Obie Burnett "O. B." McClinton (April 25, 1940 – September 23, 1987) was an American black country music singer and songwriter, who placed several hit records on the country singles chart in the 1970s.
Obie Burnett McClinton was born in Senatobia. He was the second-youngest child born to Rev. G. A. McClinton, a clergyman and farmer who owned a 700-acre (2.8 km2) ranch near Memphis, Tennessee.Growing up on the farm of his Baptist minister father, McClinton picked cotton by day and by night listened to radio programs from such regional stations as WHBQ (Memphis) and WLAC (Nashville). While his musical tastes included blues, R&B, soul music, and rockabilly, McClinton was particularly fond of country music, and he regularly listened to Grand Ole Opry broadcasts on Nashville’s WSM.
To escape the agricultural work, the teenaged McClinton ran away to nearby Memphis, where he spent all his savings to buy a guitar, forcing him to return home. After completing high school, McClinton attended Holly Springs’s Rust College, which had given him a scholarship to sing in the college choir. McClinton graduated in 1966 and found a job as a disc jockey on a Memphis radio station, WDIA. In December 1966 he enlisted in the US Air Force and began performing at military talent shows. He began forging a career as a songwriter, penning country-soul ballads for Otis Redding (‘Keep Your Arms Around Me’), before finding the ideal foil in James Carr. Two of McClinton’s compositions, ‘You’ve Got My Mind Messed Up’ (1966) and ‘A Man Needs A Woman’ (1968), stand among this singer’s finest work. He also wrote songs for other soul music artists, including Clarence Carter and Arthur Conley.
In 1971, while working as a staff songwriter for Memphis-based Stax Records, McClinton signed a recording contract with a Stax subsidiary, Enterprise, which wanted to market him as a country singer. A fan of Hank Williams Sr. and Merle Haggard, McClinton also emulated the breakthrough success of another black Mississippian, Charley Pride, to whom McClinton self-deprecatingly compares himself in “The Other One.” McClinton and Oklahoman Stoney Edwards became virtually the only other African American musicians to achieve sustained commercial success in country music in the 1970s.

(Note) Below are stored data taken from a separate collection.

lemma (in prob_space) nn_integral_exp_truncated_score_le:
  assumes "\<tau> > 0" and "psi2_vec M d x \<le> ereal \<tau>" and "0 < k"
    and meas: "\<And>l. l < d \<Longrightarrow> (\<lambda>\<omega>. x \<omega> l) \<in> borel_measurable M"
  shows "(\<integral>\<^sup>+\<omega>. ennreal (exp (keep_above (\<Lambda> / 2) (noise_score d k \<tau> \<mu> b (x \<omega>)) / 2)) \<partial>M)
    \<le> ennreal (1 + 2 * real k * exp (- \<Lambda> / 4))"
proof -
  have "(\<integral>\<^sup>+\<omega>. ennreal (exp (keep_above (\<Lambda> / 2) (noise_score d k \<tau> \<mu> b (x \<omega>)) / 2)) \<partial>M)
      \<le> 1 + ennreal (exp (- \<Lambda> / 4)) * (\<integral>\<^sup>+\<omega>. ennreal (exp (noise_score d k \<tau> \<mu> b (x \<omega>))) \<partial>M)"
    using nn_integral_exp_half_keep_above_le[of "\<lambda>\<omega>. noise_score d k \<tau> \<mu> b (x \<omega>)" "\<Lambda> / 2"]
      noise_score_measurable[OF meas] by simp
  also have "\<dots> \<le> 1 + ennreal (exp (- \<Lambda> / 4)) * (2 * of_nat k)"
    using assms by (intro add_mono mult_left_mono nn_integral_exp_noise_score_le) auto
  finally show ?thesis by (simp add: ennreal_mult' ennreal_of_nat_eq_real_of_nat mult_ac)
qed
lemma exists_line_meeting_few_points:
  fixes X :: "('a::{finite,field} \<times> 'a \<times> 'a) set set"
  assumes q5: "5 \<le> CARD('a)" and "X \<subseteq> P2" and card_X: "card X = (CARD('a) - 1)^2"
    and at_most: "\<And>l. l \<in> P2 \<Longrightarrow> card {p \<in> X. on_line l p} \<le> CARD('a) - 1"
  shows "\<exists>l\<in>P2. card {p \<in> X. on_line l p} \<le> CARD('a) - 4"
proof (rule ccontr)
  assume at_least: "\<not> ?thesis"
  define q where "q = CARD('a)"
  define C where "C = P2 - X"
  define c where "c l = card {p \<in> C. on_line l p}" for l
  have "C \<subseteq> P2" unfolding C_def by blast
  have c_bounds: "2 \<le> c l \<and> c l \<le> 4" if "l \<in> P2" for l
  proof -
    have "{p \<in> P2. on_line l p} = {p \<in> X. on_line l p} \<union> {p \<in> C. on_line l p}"
      using \<open>X \<subseteq> P2\<close> unfolding C_def by auto
    moreover have "card ({p \<in> X. on_line l p} \<union> {p \<in> C. on_line l p})
        = card {p \<in> X. on_line l p} + c l"
      unfolding c_def by (rule card_Un_disjoint) (auto simp: C_def)
    ultimately have "card {p \<in> X. on_line l p} + c l = q + 1"
      using card_points_on_line[OF that] unfolding q_def by simp
    then show ?thesis using at_most[OF that] at_least that q5 unfolding q_def by fastforce
  qed
  have card_C: "int (card C) = 3 * int q"
  proof -
    have "card C = card (P2 :: ('a \<times> 'a \<times> 'a) set set) - card X"
      unfolding C_def using \<open>X \<subseteq> P2\<close> by (simp add: card_Diff_subset)
    moreover have "card X \<le> card (P2 :: ('a \<times> 'a \<times> 'a) set set)"
      using \<open>X \<subseteq> P2\<close> by (simp add: card_mono)
    ultimately have "int (card C) = int (q^2 + q + 1) - int ((q - 1)^2)"
      using card_P2[where 'a='a] card_X unfolding q_def by (simp add: of_nat_diff)
    moreover have "int ((q - 1)^2) = (int q - 1)^2" using q5 unfolding q_def by (simp add: of_nat_diff)
    ultimately show ?thesis by (simp add: power2_eq_square algebra_simps)
  qed
  have "(\<Sum>l\<in>P2. (int (c l) - 2) * (int (c l) - 4)) \<le> 0"
    using c_bounds by (intro sum_nonpos mult_nonneg_nonpos) auto
  moreover have "(\<Sum>l\<in>P2. (int (c l) - 2) * (int (c l) - 4))
      = int (\<Sum>l\<in>P2. c l^2) - 6 * int (\<Sum>l\<in>P2. c l) + 8 * int (card (P2 :: ('a \<times> 'a \<times> 'a) set set))"
    by (simp add: algebra_simps power2_eq_square sum.distrib sum_subtractf sum_distrib_left of_nat_sum)
  moreover have "\<dots> = 2 * ((int q - 1) * (int q - 4))"
    using sum_card_points_on_lines[OF \<open>C \<subseteq> P2\<close>] sum_card_points_on_lines_squared[OF \<open>C \<subseteq> P2\<close>]
      card_P2[where 'a='a] card_C
    unfolding c_def q_def[symmetric] by (simp add: algebra_simps power2_eq_square)
  moreover have "(int q - 1) * (int q - 4) > 0" using q5 unfolding q_def by simp
  ultimately show False by linarith
qed

theorem lemma3p13:
  fixes F :: "('a::{finite,field}) tpoly"
  assumes "CARD('a) \<ge> 5"
    and "homog (CARD('a) - 1) F" and "F \<noteq> (\<lambda>_. 0)"
    and "no_Fq_linear_components (CARD('a) - 1) F"
    and "Nq (CARD('a) - 1) F = (CARD('a) - 1)^2"
  shows "k0 (CARD('a) - 1) F \<le> CARD('a) - 4"
proof -
  define d where "d = CARD('a) - 1"
  define n where "n = CARD('a) - 2"
  have d: "d = Suc n" using assms(1) unfolding d_def n_def by simp
  have "card {p \<in> rat_points d F. on_line l p} \<le> CARD('a) - 1" if "l \<in> P2" for l
    using card_rat_points_on_line_le[of n F l] assms(2,4) that unfolding d_def[symmetric] d by simp
  then obtain l where l: "l \<in> P2" "card {p \<in> rat_points d F. on_line l p} \<le> CARD('a) - 4"
    using exists_line_meeting_few_points[OF assms(1), of "rat_points d F"] assms(5)
    unfolding Nq_def d_def rat_points_def by auto
  then have "a_count d F (card {p \<in> rat_points d F. on_line l p}) \<noteq> 0"
    unfolding a_count_def lines_def by (auto simp: card_eq_0_iff)
  then have "k0 d F \<le> card {p \<in> rat_points d F. on_line l p}"
    unfolding k0_def by (rule Least_le)
  then show ?thesis using l(2) unfolding d_def by simp
qed

end
lemma branch_images_adjacent:
  assumes "cs \<in> words" "i < length cs" "f ` branch (take i cs) \<inter> f ` branch cs = {}"
  shows "\<exists>u\<in>f ` branch (take i cs). \<exists>v\<in>f ` branch cs. {u, v} \<in> EH"
proof -
  let ?x = "\<phi> (g (take i cs))"
  obtain y where y: "y \<in> branch cs" "{?x, y} \<in> E'" using branch_neighbour[OF assms(1,2)] by blast
  have x: "?x \<in> branch (take i cs)" by (rule \<phi>_in_branch)
  then have "?x \<in> V'" "y \<in> V'"
    using branch_subset take_in_words assms(1) y(1) by blast+
  then have "f ?x = f y \<or> {f ?x, f y} \<in> EH" using partition y(2) unfolding H_partition_def by blast
  moreover have "f ?x \<noteq> f y" using assms(3) x y(1) by blast
  ultimately show ?thesis using x y(1) by blast
qed

subsection \<open>A separated root-to-leaf path\<close>

definition separated :: "nat list \<Rightarrow> bool" where
  "separated cs \<longleftrightarrow> (\<forall>i\<le>length cs. \<forall>j\<le>length cs. i \<noteq> j \<longrightarrow>
    f ` branch (take i cs) \<inter> f ` branch (take j cs) = {})"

Known to refer to himself as the "Chocolate Cowboy", McClinton successfully marketed his first album on the Enterprise label long before the practice was commonplace. Featuring his first country chart single "Don't Let The Green Grass Fool You", a top 40 song in 1972, which he considered to be his finest work. Another top 40 hit was "My Whole World Is Falling Down”—as well as such minor hits as “Six Pack of Trouble” and “Something Better.”
Not entirely pleased with the studio production on his first two Enterprise albums, O. B. McClinton Country (1972) and Obie from Senatobia (1972), McClinton requested and received permission to serve as producer on his next album, Live at Randy’s Rodeo (1973). When Enterprise went out of business in the mid-1970s, McClinton briefly moved to Mercury Records in 1976, where he had a hit with ‘Black Speck’, before moving to Epic, where he scored half a dozen minor C&W hits. He also recorded for the Sunbird, and Moonshine labels.
In 1986, O. B. McClinton was diagnosed with liver cancer, beginning a year-long battle with the illness that included multiple hospitalizations. The country music community supported him through benefit concerts, including one on November 11, 1986, featuring artists such as Reba McEntire, Waylon Jennings, and Kathy Mattea, which raised $40,000 for his medical bills, and another in March 1987. He passed away on September 23, 1987, at the age of 47, at HCA Park View Medical Center in Nashville, after being admitted for the final time four days earlier.